- The problem
Look below for the line that contains "nat) \<Rightarrow> 'a", then copy it and each following line exactly, through and including the line that contains "distinct pendant edges.".

- Raw data
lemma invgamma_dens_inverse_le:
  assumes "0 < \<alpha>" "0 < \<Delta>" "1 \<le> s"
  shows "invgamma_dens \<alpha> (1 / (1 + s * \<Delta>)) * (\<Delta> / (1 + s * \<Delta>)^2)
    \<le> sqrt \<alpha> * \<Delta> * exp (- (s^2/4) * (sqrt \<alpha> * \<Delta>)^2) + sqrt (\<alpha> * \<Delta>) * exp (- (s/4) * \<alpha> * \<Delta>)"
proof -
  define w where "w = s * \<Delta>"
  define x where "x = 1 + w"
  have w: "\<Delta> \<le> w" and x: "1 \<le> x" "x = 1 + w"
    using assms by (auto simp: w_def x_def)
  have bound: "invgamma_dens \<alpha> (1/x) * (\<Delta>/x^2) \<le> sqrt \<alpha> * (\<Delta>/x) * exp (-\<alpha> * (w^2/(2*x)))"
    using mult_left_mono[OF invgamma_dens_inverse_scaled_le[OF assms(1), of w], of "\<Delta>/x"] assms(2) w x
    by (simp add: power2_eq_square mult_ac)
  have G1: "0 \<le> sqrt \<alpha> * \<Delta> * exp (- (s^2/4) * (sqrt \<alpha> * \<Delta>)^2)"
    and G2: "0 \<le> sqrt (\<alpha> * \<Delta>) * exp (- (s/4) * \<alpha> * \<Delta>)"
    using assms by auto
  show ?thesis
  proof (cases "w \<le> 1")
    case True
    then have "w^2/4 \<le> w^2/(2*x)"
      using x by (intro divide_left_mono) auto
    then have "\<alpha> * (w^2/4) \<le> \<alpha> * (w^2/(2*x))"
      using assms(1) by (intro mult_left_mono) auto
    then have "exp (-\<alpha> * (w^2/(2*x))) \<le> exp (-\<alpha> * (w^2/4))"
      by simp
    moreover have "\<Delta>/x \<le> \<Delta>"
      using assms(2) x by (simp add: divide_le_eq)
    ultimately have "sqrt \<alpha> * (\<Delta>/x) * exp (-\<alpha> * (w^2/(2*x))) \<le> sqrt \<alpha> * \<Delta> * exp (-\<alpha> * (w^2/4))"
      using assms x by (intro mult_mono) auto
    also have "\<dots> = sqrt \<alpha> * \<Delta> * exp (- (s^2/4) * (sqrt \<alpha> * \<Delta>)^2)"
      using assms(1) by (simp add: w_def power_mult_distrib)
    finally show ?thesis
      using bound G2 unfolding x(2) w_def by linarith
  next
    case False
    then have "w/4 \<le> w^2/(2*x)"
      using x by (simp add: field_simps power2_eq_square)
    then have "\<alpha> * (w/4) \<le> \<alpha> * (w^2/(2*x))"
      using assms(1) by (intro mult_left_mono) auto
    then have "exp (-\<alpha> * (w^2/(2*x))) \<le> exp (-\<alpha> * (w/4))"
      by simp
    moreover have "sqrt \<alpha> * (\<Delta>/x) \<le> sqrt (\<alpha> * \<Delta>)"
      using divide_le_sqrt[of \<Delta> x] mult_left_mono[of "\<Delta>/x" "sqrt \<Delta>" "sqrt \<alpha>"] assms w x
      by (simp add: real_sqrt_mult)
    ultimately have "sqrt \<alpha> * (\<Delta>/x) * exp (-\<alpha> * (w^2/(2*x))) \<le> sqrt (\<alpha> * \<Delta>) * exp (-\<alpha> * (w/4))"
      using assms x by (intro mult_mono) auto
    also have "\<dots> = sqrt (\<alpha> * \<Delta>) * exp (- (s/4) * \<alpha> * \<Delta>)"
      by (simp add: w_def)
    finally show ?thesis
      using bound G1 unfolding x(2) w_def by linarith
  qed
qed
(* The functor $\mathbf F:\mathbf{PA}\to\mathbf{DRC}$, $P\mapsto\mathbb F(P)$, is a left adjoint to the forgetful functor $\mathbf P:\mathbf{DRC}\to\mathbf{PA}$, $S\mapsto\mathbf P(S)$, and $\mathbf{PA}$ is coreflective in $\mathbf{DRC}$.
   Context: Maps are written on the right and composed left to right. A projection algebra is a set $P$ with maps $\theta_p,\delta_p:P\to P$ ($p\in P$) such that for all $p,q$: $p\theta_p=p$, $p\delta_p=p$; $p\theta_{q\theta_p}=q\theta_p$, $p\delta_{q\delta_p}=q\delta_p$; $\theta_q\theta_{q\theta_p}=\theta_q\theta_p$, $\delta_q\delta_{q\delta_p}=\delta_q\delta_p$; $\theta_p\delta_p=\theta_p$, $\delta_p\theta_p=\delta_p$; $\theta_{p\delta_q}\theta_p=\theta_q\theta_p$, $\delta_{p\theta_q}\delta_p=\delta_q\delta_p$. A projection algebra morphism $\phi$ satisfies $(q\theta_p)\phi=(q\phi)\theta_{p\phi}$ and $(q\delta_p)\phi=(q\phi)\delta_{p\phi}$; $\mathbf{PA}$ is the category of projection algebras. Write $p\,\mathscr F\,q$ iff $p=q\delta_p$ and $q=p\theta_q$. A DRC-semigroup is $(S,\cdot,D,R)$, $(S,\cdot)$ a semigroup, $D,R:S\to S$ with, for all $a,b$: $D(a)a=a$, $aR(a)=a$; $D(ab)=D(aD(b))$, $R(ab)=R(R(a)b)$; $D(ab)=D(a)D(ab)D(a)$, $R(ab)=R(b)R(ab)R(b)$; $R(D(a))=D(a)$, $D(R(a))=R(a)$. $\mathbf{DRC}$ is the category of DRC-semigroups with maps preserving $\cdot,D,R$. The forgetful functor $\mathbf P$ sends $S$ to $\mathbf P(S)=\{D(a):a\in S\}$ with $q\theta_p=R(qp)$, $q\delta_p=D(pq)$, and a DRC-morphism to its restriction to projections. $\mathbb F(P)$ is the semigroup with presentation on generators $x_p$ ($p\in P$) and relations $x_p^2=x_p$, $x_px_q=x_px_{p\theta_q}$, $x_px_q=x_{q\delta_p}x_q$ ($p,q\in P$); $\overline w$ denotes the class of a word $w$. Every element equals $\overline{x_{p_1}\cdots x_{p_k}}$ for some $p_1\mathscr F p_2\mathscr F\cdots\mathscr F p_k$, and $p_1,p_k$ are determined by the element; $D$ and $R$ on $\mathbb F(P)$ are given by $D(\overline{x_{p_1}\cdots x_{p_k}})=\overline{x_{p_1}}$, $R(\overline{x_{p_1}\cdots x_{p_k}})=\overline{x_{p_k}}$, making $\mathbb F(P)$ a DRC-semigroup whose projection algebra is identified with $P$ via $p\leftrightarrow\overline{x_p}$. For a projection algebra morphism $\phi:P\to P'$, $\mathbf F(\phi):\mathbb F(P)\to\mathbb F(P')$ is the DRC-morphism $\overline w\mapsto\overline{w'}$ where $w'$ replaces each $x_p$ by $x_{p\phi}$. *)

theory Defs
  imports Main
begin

--

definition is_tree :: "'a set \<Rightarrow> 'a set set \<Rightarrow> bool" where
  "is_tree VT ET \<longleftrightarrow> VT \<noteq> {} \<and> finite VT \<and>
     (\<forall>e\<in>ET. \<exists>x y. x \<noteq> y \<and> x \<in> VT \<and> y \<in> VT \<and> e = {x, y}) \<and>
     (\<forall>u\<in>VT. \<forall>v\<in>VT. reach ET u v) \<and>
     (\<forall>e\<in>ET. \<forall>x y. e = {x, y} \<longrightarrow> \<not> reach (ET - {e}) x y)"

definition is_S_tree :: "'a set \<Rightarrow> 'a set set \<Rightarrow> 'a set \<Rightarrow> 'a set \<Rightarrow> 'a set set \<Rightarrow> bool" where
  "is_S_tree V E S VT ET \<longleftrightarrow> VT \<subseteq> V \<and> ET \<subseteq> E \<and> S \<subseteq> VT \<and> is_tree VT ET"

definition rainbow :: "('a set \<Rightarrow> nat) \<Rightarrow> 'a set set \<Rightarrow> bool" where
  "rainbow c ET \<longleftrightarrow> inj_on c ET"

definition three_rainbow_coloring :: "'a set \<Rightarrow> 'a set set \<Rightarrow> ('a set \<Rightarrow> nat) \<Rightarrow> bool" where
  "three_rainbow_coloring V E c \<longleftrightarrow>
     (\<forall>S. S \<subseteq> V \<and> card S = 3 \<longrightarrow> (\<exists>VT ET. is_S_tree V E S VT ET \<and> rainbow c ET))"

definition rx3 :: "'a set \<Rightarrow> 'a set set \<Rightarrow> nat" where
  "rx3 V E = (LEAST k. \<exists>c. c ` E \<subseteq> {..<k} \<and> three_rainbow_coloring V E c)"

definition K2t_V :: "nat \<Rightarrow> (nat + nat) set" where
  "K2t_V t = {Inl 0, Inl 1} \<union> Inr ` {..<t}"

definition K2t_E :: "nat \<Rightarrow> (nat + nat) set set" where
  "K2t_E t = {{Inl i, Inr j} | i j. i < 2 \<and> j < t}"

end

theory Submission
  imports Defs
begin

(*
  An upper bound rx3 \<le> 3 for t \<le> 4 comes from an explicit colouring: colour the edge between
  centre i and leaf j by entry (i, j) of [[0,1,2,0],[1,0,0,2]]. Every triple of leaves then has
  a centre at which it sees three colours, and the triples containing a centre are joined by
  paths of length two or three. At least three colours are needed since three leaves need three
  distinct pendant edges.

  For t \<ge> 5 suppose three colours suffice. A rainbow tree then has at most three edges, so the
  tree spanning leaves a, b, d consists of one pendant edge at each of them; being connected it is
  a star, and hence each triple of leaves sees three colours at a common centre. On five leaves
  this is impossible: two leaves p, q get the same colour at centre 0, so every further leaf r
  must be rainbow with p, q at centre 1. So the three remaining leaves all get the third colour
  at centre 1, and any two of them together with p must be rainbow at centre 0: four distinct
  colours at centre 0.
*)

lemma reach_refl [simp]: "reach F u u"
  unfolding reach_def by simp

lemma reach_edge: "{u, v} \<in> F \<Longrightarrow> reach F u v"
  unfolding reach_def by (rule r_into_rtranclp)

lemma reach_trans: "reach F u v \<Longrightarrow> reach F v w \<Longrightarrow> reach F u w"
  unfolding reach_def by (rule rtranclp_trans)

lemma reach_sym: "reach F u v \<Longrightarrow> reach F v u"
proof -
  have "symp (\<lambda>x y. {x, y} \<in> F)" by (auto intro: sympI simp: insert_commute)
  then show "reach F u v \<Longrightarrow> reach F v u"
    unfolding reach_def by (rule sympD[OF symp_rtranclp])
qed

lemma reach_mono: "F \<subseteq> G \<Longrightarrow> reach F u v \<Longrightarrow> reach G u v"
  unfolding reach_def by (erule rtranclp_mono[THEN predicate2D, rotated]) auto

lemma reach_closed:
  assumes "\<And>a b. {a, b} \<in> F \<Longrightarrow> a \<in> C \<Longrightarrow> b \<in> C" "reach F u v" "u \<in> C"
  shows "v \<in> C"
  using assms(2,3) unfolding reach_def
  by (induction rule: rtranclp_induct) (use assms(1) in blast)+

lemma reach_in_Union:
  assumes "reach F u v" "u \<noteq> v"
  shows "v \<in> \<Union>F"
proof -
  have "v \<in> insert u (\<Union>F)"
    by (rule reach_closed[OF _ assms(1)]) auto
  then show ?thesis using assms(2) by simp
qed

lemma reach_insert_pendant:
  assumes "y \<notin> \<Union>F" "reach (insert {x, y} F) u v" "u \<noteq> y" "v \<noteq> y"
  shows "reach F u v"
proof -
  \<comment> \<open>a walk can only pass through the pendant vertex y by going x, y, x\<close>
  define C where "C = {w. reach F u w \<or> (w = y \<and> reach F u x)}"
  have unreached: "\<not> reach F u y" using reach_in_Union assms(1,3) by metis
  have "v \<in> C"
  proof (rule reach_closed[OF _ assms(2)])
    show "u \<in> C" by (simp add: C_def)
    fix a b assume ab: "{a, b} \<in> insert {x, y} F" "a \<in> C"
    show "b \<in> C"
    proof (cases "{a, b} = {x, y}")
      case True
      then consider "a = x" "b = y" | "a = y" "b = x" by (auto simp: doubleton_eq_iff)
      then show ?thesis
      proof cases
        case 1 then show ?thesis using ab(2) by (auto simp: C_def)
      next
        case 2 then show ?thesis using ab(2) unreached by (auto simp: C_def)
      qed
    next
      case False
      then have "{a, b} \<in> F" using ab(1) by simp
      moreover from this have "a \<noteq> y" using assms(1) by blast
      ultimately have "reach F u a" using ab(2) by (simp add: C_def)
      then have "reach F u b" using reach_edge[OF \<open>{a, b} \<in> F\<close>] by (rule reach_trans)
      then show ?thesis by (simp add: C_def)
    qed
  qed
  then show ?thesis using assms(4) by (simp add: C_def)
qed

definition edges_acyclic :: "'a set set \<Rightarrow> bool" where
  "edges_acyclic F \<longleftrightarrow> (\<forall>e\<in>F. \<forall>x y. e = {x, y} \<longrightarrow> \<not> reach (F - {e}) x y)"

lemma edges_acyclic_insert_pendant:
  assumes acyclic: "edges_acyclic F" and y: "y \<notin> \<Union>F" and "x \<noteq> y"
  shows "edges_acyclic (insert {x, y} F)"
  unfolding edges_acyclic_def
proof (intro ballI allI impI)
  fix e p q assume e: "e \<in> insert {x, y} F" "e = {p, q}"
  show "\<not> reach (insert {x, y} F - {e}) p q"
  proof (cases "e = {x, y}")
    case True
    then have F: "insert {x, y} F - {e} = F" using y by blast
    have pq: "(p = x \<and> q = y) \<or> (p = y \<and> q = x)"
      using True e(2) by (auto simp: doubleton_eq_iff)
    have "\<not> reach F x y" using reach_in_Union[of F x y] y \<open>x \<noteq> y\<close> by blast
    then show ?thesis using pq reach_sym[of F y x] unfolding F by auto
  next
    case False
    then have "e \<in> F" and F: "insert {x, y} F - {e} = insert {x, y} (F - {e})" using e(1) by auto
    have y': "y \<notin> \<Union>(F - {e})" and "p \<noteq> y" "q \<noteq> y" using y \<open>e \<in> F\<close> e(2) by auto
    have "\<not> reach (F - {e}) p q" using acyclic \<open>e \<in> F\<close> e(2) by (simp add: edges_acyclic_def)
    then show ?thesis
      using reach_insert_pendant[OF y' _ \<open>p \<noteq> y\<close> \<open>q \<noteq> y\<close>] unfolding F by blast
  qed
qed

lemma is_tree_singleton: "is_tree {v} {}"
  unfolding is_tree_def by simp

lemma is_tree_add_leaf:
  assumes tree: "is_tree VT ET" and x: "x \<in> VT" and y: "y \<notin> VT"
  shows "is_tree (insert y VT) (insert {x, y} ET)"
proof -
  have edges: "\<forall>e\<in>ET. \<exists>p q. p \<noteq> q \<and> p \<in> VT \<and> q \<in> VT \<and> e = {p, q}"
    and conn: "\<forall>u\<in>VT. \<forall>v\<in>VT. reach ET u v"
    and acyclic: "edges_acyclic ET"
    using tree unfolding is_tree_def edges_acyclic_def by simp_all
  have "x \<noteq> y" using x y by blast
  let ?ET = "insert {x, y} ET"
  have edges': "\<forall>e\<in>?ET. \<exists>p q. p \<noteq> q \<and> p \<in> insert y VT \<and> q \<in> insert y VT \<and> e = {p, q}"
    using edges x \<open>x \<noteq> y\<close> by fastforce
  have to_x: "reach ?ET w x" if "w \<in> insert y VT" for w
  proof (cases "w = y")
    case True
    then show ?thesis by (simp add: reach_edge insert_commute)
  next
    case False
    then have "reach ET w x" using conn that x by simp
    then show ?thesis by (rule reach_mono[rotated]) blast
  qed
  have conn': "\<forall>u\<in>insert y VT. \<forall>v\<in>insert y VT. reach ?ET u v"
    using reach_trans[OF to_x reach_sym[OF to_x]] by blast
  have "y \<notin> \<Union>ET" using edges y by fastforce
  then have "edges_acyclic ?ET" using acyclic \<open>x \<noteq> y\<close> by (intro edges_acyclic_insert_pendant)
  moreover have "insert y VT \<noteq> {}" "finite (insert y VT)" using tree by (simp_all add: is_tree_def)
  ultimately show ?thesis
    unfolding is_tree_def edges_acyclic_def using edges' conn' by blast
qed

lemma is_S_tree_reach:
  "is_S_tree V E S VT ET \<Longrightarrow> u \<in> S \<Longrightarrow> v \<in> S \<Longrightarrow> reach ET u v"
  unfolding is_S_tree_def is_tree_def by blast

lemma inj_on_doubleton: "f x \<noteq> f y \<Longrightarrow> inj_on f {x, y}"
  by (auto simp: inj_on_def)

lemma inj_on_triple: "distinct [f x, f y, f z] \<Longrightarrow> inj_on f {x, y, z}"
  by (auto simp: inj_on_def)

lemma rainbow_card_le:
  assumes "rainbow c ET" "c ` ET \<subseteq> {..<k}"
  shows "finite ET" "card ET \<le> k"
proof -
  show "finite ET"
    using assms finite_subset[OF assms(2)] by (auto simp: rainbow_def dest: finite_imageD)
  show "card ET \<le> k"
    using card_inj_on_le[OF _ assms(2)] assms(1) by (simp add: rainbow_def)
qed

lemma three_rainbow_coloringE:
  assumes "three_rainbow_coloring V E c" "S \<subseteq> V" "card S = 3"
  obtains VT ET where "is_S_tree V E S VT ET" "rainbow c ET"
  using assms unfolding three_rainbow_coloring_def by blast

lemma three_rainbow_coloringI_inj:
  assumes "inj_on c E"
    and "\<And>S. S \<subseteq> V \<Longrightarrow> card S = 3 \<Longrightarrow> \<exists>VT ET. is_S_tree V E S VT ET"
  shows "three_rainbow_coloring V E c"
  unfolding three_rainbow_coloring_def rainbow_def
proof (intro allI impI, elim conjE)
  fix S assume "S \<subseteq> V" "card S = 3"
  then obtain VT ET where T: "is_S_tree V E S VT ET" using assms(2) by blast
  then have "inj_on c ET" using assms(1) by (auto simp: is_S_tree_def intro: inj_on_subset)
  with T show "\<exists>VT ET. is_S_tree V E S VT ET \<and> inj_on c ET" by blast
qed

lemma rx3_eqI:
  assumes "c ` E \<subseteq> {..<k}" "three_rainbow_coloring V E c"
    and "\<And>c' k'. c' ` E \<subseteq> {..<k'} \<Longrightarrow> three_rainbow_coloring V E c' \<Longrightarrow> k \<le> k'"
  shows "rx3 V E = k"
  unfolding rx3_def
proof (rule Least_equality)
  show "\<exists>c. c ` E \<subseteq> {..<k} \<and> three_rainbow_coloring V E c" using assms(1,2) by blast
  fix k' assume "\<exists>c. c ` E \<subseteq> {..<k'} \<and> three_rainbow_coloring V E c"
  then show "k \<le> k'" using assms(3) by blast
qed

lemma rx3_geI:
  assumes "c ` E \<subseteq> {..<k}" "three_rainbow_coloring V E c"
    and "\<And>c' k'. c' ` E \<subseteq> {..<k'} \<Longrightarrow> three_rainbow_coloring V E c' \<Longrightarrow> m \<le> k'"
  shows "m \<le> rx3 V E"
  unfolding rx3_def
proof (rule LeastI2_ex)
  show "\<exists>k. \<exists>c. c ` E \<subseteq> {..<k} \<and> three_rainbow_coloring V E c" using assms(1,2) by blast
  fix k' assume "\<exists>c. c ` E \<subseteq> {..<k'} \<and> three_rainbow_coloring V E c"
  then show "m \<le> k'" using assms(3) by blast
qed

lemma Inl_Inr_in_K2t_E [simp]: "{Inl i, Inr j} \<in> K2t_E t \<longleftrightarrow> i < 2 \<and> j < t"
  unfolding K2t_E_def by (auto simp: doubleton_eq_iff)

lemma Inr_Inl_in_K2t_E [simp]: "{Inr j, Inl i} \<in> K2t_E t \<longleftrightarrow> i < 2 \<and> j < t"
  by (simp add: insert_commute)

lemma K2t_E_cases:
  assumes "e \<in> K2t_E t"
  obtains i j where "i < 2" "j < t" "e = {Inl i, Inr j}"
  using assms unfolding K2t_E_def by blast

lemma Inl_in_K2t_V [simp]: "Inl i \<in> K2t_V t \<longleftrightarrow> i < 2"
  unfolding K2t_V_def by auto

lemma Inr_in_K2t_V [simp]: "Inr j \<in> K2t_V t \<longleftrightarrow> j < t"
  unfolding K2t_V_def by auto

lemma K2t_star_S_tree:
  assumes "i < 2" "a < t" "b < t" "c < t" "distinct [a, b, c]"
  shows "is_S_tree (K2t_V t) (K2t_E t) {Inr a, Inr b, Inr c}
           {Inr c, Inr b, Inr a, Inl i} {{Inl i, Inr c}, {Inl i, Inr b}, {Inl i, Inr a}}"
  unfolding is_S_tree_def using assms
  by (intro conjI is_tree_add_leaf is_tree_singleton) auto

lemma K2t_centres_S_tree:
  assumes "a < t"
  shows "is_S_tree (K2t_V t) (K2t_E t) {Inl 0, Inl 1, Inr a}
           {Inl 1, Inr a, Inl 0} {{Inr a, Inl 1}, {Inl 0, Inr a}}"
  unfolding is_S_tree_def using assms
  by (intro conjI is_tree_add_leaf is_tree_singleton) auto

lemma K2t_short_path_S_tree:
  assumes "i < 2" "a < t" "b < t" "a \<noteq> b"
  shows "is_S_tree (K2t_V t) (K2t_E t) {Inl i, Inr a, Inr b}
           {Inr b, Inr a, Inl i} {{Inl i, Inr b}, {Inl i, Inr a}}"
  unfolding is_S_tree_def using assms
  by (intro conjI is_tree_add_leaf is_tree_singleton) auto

...

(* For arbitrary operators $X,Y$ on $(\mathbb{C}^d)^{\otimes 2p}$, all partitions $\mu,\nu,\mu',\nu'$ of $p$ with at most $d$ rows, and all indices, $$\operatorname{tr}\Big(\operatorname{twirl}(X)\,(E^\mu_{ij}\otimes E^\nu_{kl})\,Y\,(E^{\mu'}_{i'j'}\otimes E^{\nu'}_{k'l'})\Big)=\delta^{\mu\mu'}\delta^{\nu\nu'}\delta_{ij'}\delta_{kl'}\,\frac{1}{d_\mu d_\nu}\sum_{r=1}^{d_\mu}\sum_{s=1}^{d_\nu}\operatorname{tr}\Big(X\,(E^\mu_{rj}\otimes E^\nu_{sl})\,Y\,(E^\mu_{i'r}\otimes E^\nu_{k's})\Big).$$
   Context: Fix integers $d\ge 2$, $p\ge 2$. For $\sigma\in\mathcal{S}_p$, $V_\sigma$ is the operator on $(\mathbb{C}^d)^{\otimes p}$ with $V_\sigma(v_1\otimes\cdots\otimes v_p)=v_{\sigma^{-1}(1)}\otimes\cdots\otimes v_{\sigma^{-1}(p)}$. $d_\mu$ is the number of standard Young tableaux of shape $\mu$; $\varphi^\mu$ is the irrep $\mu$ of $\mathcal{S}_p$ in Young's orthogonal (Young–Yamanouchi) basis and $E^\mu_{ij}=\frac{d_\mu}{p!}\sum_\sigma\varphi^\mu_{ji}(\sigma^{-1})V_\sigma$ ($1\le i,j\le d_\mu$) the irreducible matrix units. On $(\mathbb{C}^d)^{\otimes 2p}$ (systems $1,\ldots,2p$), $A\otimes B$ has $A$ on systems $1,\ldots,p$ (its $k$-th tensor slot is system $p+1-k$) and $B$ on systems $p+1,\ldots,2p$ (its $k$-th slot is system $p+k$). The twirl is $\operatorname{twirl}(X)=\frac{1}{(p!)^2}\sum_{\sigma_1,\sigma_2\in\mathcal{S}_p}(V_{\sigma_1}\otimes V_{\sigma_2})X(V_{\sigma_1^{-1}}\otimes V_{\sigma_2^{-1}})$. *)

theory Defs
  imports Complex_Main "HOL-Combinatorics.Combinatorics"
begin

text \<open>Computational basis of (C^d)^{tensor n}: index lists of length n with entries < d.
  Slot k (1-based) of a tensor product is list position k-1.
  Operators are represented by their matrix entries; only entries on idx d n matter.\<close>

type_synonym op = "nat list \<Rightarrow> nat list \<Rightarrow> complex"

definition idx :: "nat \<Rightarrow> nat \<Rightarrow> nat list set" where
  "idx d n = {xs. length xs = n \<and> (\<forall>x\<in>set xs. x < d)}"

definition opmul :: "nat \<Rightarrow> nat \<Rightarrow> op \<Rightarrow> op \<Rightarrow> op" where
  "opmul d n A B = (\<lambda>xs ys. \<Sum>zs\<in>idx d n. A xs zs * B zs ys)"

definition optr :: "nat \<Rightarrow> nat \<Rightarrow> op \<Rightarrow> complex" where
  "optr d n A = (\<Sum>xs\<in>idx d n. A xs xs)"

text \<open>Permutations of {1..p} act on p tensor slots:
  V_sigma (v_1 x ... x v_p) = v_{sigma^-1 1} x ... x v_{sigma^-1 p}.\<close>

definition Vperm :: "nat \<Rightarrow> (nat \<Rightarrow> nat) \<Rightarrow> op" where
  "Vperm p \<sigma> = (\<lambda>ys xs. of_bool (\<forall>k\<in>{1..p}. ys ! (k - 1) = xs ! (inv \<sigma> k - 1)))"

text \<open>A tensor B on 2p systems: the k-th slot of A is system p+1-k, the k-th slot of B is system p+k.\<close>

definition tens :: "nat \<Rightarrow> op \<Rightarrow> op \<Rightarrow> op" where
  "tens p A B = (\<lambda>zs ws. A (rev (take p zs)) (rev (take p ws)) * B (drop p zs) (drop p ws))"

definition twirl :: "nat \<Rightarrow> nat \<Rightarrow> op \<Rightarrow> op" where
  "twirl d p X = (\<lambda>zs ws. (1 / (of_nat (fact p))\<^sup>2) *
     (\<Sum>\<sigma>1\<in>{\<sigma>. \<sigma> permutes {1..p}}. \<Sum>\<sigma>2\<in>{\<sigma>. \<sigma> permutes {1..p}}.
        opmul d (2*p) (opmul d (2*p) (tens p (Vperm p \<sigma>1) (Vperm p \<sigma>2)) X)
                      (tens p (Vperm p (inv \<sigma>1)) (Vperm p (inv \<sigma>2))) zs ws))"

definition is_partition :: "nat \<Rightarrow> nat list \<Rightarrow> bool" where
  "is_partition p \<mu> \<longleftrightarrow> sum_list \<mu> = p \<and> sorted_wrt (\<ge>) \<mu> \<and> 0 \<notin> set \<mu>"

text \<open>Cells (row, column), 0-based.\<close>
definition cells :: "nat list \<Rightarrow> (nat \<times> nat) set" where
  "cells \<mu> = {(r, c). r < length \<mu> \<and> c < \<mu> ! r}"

- Answer box
definition rainbow :: "('a set \<Rightarrow> nat) \<Rightarrow> 'a set set \<Rightarrow> bool" where
  "rainbow c ET \<longleftrightarrow> inj_on c ET"

definition three_rainbow_coloring :: "'a set \<Rightarrow> 'a set set \<Rightarrow> ('a set \<Rightarrow> nat) \<Rightarrow> bool" where
  "three_rainbow_coloring V E c \<longleftrightarrow>
     (\<forall>S. S \<subseteq> V \<and> card S = 3 \<longrightarrow> (\<exists>VT ET. is_S_tree V E S VT ET \<and> rainbow c ET))"

definition rx3 :: "'a set \<Rightarrow> 'a set set \<Rightarrow> nat" where
  "rx3 V E = (LEAST k. \<exists>c. c ` E \<subseteq> {..<k} \<and> three_rainbow_coloring V E c)"

definition K2t_V :: "nat \<Rightarrow> (nat + nat) set" where
  "K2t_V t = {Inl 0, Inl 1} \<union> Inr ` {..<t}"

definition K2t_E :: "nat \<Rightarrow> (nat + nat) set set" where
  "K2t_E t = {{Inl i, Inr j} | i j. i < 2 \<and> j < t}"

end

theory Submission
  imports Defs
begin

(*
  An upper bound rx3 \<le> 3 for t \<le> 4 comes from an explicit colouring: colour the edge between
  centre i and leaf j by entry (i, j) of [[0,1,2,0],[1,0,0,2]]. Every triple of leaves then has
  a centre at which it sees three colours, and the triples containing a centre are joined by
  paths of length two or three. At least three colours are needed since three leaves need three
  distinct pendant edges.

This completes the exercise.